> [Exercise aim]: Beginning with the line that contains "((\<lambda>z. - \<sigma>" in the material below, print each line exactly until the line that contains "- q)) \<longlonglongrightarrow>" has been printed, then stop.

> [Data extract]:
(* Let $\{m_k:k\ge0\}$ be positive reals with $\sum_k m_k=\infty$ and $m_k\to0$; let $S_0=0$ and $S_{k+1}=\sum_{i=0}^k m_i$. Define $f_j:(S_j,S_{j+1}]\to\mathbb{R}$, $j\ge0$, recursively with $c_0=0$ and $c_j=f_{j-1}(S_j)$ for $j\ge1$, by $$f_j(x)=\begin{cases}-x+S_j+c_j & x\in(S_j,S_j+\tfrac{m_j}{16})\\ \tfrac{8}{m_j}(x-S_j-\tfrac{m_j}{8})^2-\tfrac{3m_j}{32}+c_j & x\in[S_j+\tfrac{m_j}{16},S_j+\tfrac{3m_j}{16})\\ -\tfrac{5m_j}{16}\exp\!\big(\tfrac{5m_j/16}{x-S_j-m_j/2}+1\big)+\tfrac{m_j}{4}+c_j & x\in[S_j+\tfrac{3m_j}{16},S_j+\tfrac{m_j}{2})\\ \tfrac{m_j}{4}+c_j & x=S_j+\tfrac{m_j}{2}\\ \tfrac{5m_j}{16}\exp\!\big(\tfrac{-5m_j/16}{x-S_j-m_j/2}+1\big)+\tfrac{m_j}{4}+c_j & x\in(S_j+\tfrac{m_j}{2},S_j+\tfrac{13m_j}{16})\\ -\tfrac{8}{m_j}(x-S_j-\tfrac{7m_j}{8})^2+\tfrac{19m_j}{32}+c_j & x\in[S_j+\tfrac{13m_j}{16},S_j+\tfrac{15m_j}{16})\\ -x+S_j+\tfrac{3m_j}{2}+c_j & x\in[S_j+\tfrac{15m_j}{16},S_{j+1}],\end{cases}$$ and define $F:\mathbb{R}\to\mathbb{R}$ by $F(x)=-x$ for $x\le0$ and $F(x)=f_j(x)$ for $x\in(S_j,S_{j+1}]$, $j\ge0$. Then $F$ is continuous and differentiable on $\mathbb{R}$, is bounded from below, and its derivative $\dot F$ is locally Lipschitz continuous. Moreover, $F(S_j)=S_j/2$ and $\dot F(S_j)=-1$ for all $j\ge0$. *)

theory Defs
  imports "HOL-Analysis.Analysis"
begin

definition partS :: "(nat \<Rightarrow> real) \<Rightarrow> nat \<Rightarrow> real" where
  "partS m j = (\<Sum>i<j. m i)"

text \<open>The piece f_j on (S_j, S_(j+1)] with offset constant c = c_j
  (values outside (S_j, S_(j+1)] are irrelevant).\<close>
definition fpiece :: "(nat \<Rightarrow> real) \<Rightarrow> real \<Rightarrow> nat \<Rightarrow> real \<Rightarrow> real" where
  "fpiece m c j x =
    (let s = partS m j; mj = m j in
     if x < s + mj/16 then - x + s + c
     else if x < s + 3*mj/16 then 8/mj * (x - s - mj/8)^2 - 3*mj/32 + c
     else if x < s + mj/2 then
       - (5*mj/16) * exp ((5*mj/16) / (x - s - mj/2) + 1) + mj/4 + c
     else if x = s + mj/2 then mj/4 + c
     else if x < s + 13*mj/16 then
       (5*mj/16) * exp ((- 5*mj/16) / (x - s - mj/2) + 1) + mj/4 + c
     else if x < s + 15*mj/16 then - 8/mj * (x - s - 7*mj/8)^2 + 19*mj/32 + c
     else - x + s + 3*mj/2 + c)"

primrec cconst :: "(nat \<Rightarrow> real) \<Rightarrow> nat \<Rightarrow> real" where
  "cconst m 0 = 0"
| "cconst m (Suc j) = fpiece m (cconst m j) j (partS m (Suc j))"

definition fj :: "(nat \<Rightarrow> real) \<Rightarrow> nat \<Rightarrow> real \<Rightarrow> real" where
  "fj m j x = fpiece m (cconst m j) j x"

definition bigF :: "(nat \<Rightarrow> real) \<Rightarrow> real \<Rightarrow> real" where
  "bigF m x = (if x \<le> 0 then - x
     else fj m (THE j. partS m j < x \<and> x \<le> partS m (Suc j)) x)"

end

theory Submission
  imports Defs "HOL-Real_Asymp.Real_Asymp"
begin

(*
  All pieces are affine copies of one profile phi:
  f_j(x) = S_j/2 + m_j phi((x - S_j)/m_j), where phi(u) = -u for u <= 1/16 and
  phi(u) = 3/2 - u for u >= 15/16; since phi(1) = 1/2 this makes c_j = S_j/2.
  Just left and right of S_j both f_(j-1) and f_j equal 3 S_j/2 - x, so near every
  point F coincides with a single copy.  The profile is differentiable with globally
  Lipschitz derivative: in the middle it is built from
  t |-> sgn t * (5/16) * exp(1 - (5/16)/|t|), whose derivative is flat at 0 and
  whose second derivative is bounded.  Hence F is
  differentiable, F' is (3000/m_j)-Lipschitz near points of [S_j, S_(j+1)),
  F(S_j) = S_j/2 and F'(S_j) = phi'(0) = -1.  Finally F >= m_j min phi on
  (S_j, S_(j+1)], which is bounded below because (m_k) converges.
*)

lemma DERIV_glue:
  fixes f g h :: "real \<Rightarrow> real"
  assumes "a < b" "b < c"
    and fg: "\<And>x. x \<in> {a..b} \<Longrightarrow> f x = g x" and fh: "\<And>x. x \<in> {b..c} \<Longrightarrow> f x = h x"
    and g: "(g has_real_derivative D) (at b)" and h: "(h has_real_derivative D) (at b)"
  shows "(f has_real_derivative D) (at b)"
proof -
  have "eventually (\<lambda>x. f x = g x) (at_left b)"
    using eventually_at_left_real[OF \<open>a < b\<close>] by eventually_elim (use fg in auto)
  then have left: "(f has_real_derivative D) (at_left b)"
    using has_field_derivative_at_within[OF g] fg[of b] \<open>a < b\<close>
    by (subst has_field_derivative_cong_eventually) auto
  have "eventually (\<lambda>x. f x = h x) (at_right b)"
    using eventually_at_right_real[OF \<open>b < c\<close>] by eventually_elim (use fh in auto)
  then have right: "(f has_real_derivative D) (at_right b)"
    using has_field_derivative_at_within[OF h] fh[of b] \<open>b < c\<close>
    by (subst has_field_derivative_cong_eventually) auto
  from left right show ?thesis
    by (simp add: has_field_derivative_iff filterlim_at_split)
qed
definition head1 :: "nat list \<Rightarrow> nat \<Rightarrow> nat \<Rightarrow> (nat \<Rightarrow> nat) \<Rightarrow> nat \<Rightarrow> nat list \<Rightarrow> bool" where
  "head1 w d N j b \<theta> \<longleftrightarrow> \<theta> \<in> Idn d N \<and> cle \<theta> w \<and>
     (\<forall>k\<in>{1..b}. \<forall>x\<in>set \<theta> \<inter> Bl j k. \<forall>y\<in>Bl j k. x < y \<longrightarrow> y \<in> set \<theta>)"

(* standard degree r head (theta_1,...,theta_r), stored as list with theta_i = ths ! (i-1) *)
definition std_head :: "nat list \<Rightarrow> nat \<Rightarrow> nat \<Rightarrow> (nat \<Rightarrow> nat) \<Rightarrow> nat \<Rightarrow> nat \<Rightarrow> nat list list \<Rightarrow> bool" where
  "std_head w d N j b r ths \<longleftrightarrow> length ths = r \<and> (\<forall>i<r. head1 w d N j b (ths ! i)) \<and>
     (\<forall>i. Suc i < r \<longrightarrow> cle (ths ! (Suc i)) (ths ! i))"

(* entry of the tableau T_theta in row i (1..d, from top) and column c (1..r):
   column c lists the entries of theta_{r-c+1} *)
definition tab :: "nat list list \<Rightarrow> nat \<Rightarrow> nat \<Rightarrow> nat" where
  "tab ths i c = (ths ! (length ths - c)) ! (i - 1)"

end

theory Submission
  imports Defs
begin
lemma tendsto_relative_equilibrium:
  assumes S: "fwd_solution (\<lambda>S. \<Gamma> *v R S) nonneg_orthant (\<sigma> + \<Gamma> *v \<xi>) S"
  shows "\<exists>q. relative_equilibrium q \<and> (S \<longlongrightarrow> \<sigma> + \<Gamma> *v q) at_top"
proof -
  obtain x where x: "solution \<xi> x" and S_x: "\<forall>t\<ge>0. S t = \<sigma> + \<Gamma> *v x t"
    using fwd_solution_lift[OF R_continuous S] by blast
  have "bounded ((\<lambda>z. - \<sigma> + z) ` S ` {0..})"
    by (rule bounded_translation[OF solution_bounded[OF S]])
  moreover have "(\<lambda>t. \<Gamma> *v x t) ` {0..} \<subseteq> (\<lambda>z. - \<sigma> + z) ` S ` {0..}"
  proof (rule image_subsetI)
    fix t :: real assume "t \<in> {0..}"
    then have "\<Gamma> *v x t = - \<sigma> + S t" and "S t \<in> S ` {0..}" using S_x by auto
    then show "\<Gamma> *v x t \<in> (\<lambda>z. - \<sigma> + z) ` S ` {0..}" by (rule image_eqI)
  qed
  ultimately have "bounded ((\<lambda>t. \<Gamma> *v x t) ` {0..})"
    by (rule bounded_subset)
  then obtain q tk where q: "\<sigma> + \<Gamma> *v q \<in> nonneg_orthant" and tk: "\<And>k. 0 \<le> tk k"
    "\<And>k. tk k + 1 \<le> tk (Suc k)" and lim: "(\<lambda>k. osc (x (tk k) - q)) \<longlonglongrightarrow> 0"
    using osc_convergent_subsequence[OF x] by blast
  obtain y where "solution q y" using extent_solution_exists[OF q] by blast
  then have rel: "relative_equilibrium q"
    by (rule relative_equilibrium_of_limit[OF x _ tk lim])
  obtain K where K: "\<And>a. norm (\<Gamma> *v a) \<le> K * osc a"
    using norm_matrix_le_osc[OF matrix_vector_mult_v_eq_0] by blast
  have "((\<lambda>t. \<Gamma> *v x t - \<Gamma> *v q) \<longlongrightarrow> 0) at_top"
  proof (rule Lim_null_comparison)
    have "norm (\<Gamma> *v x t - \<Gamma> *v q) \<le> K * osc (x t - q)" for t
      using K[of "x t - q"] by (simp add: matrix_vector_mult_diff_distrib)
    then show "\<forall>\<^sub>F t in at_top. norm (\<Gamma> *v x t - \<Gamma> *v q) \<le> K * osc (x t - q)"
      by simp
    show "((\<lambda>t. K * osc (x t - q)) \<longlongrightarrow> 0) at_top"
      using osc_tendsto_relative_equilibrium[OF x rel tk(1) lim] by (rule tendsto_mult_right_zero)
  qed
  then have "((\<lambda>t. \<sigma> + \<Gamma> *v x t) \<longlongrightarrow> \<sigma> + \<Gamma> *v q) at_top"
    by (intro tendsto_add tendsto_const) (simp add: LIM_zero_iff)
  moreover have "\<forall>\<^sub>F t in at_top. \<sigma> + \<Gamma> *v x t = S t"
    unfolding eventually_at_top_linorder using S_x by (intro exI[of _ 0]) simp
  ultimately have "(S \<longlongrightarrow> \<sigma> + \<Gamma> *v q) at_top"
    by (rule Lim_transform_eventually)
  with rel show ?thesis by blast
qed

end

> [Result for this exercise]:
  have "bounded ((\<lambda>z. - \<sigma> + z) ` S ` {0..})"
    by (rule bounded_translation[OF solution_bounded[OF S]])
  moreover have "(\<lambda>t. \<Gamma> *v x t) ` {0..} \<subseteq> (\<lambda>z. - \<sigma> + z) ` S ` {0..}"
  proof (rule image_subsetI)
    fix t :: real assume "t \<in> {0..}"
    then have "\<Gamma> *v x t = - \<sigma> + S t" and "S t \<in> S ` {0..}" using S_x by auto
    then show "\<Gamma> *v x t \<in> (\<lambda>z. - \<sigma> + z) ` S ` {0..}" by (rule image_eqI)
  qed
  ultimately have "bounded ((\<lambda>t. \<Gamma> *v x t) ` {0..})"
    by (rule bounded_subset)
  then obtain q tk where q: "\<sigma> + \<Gamma> *v q \<in> nonneg_orthant" and tk: "\<And>k. 0 \<le> tk k"
    "\<And>k. tk k + 1 \<le> tk (Suc k)" and lim: "(\<lambda>k. osc (x (tk k) - q)) \<longlonglongrightarrow> 0"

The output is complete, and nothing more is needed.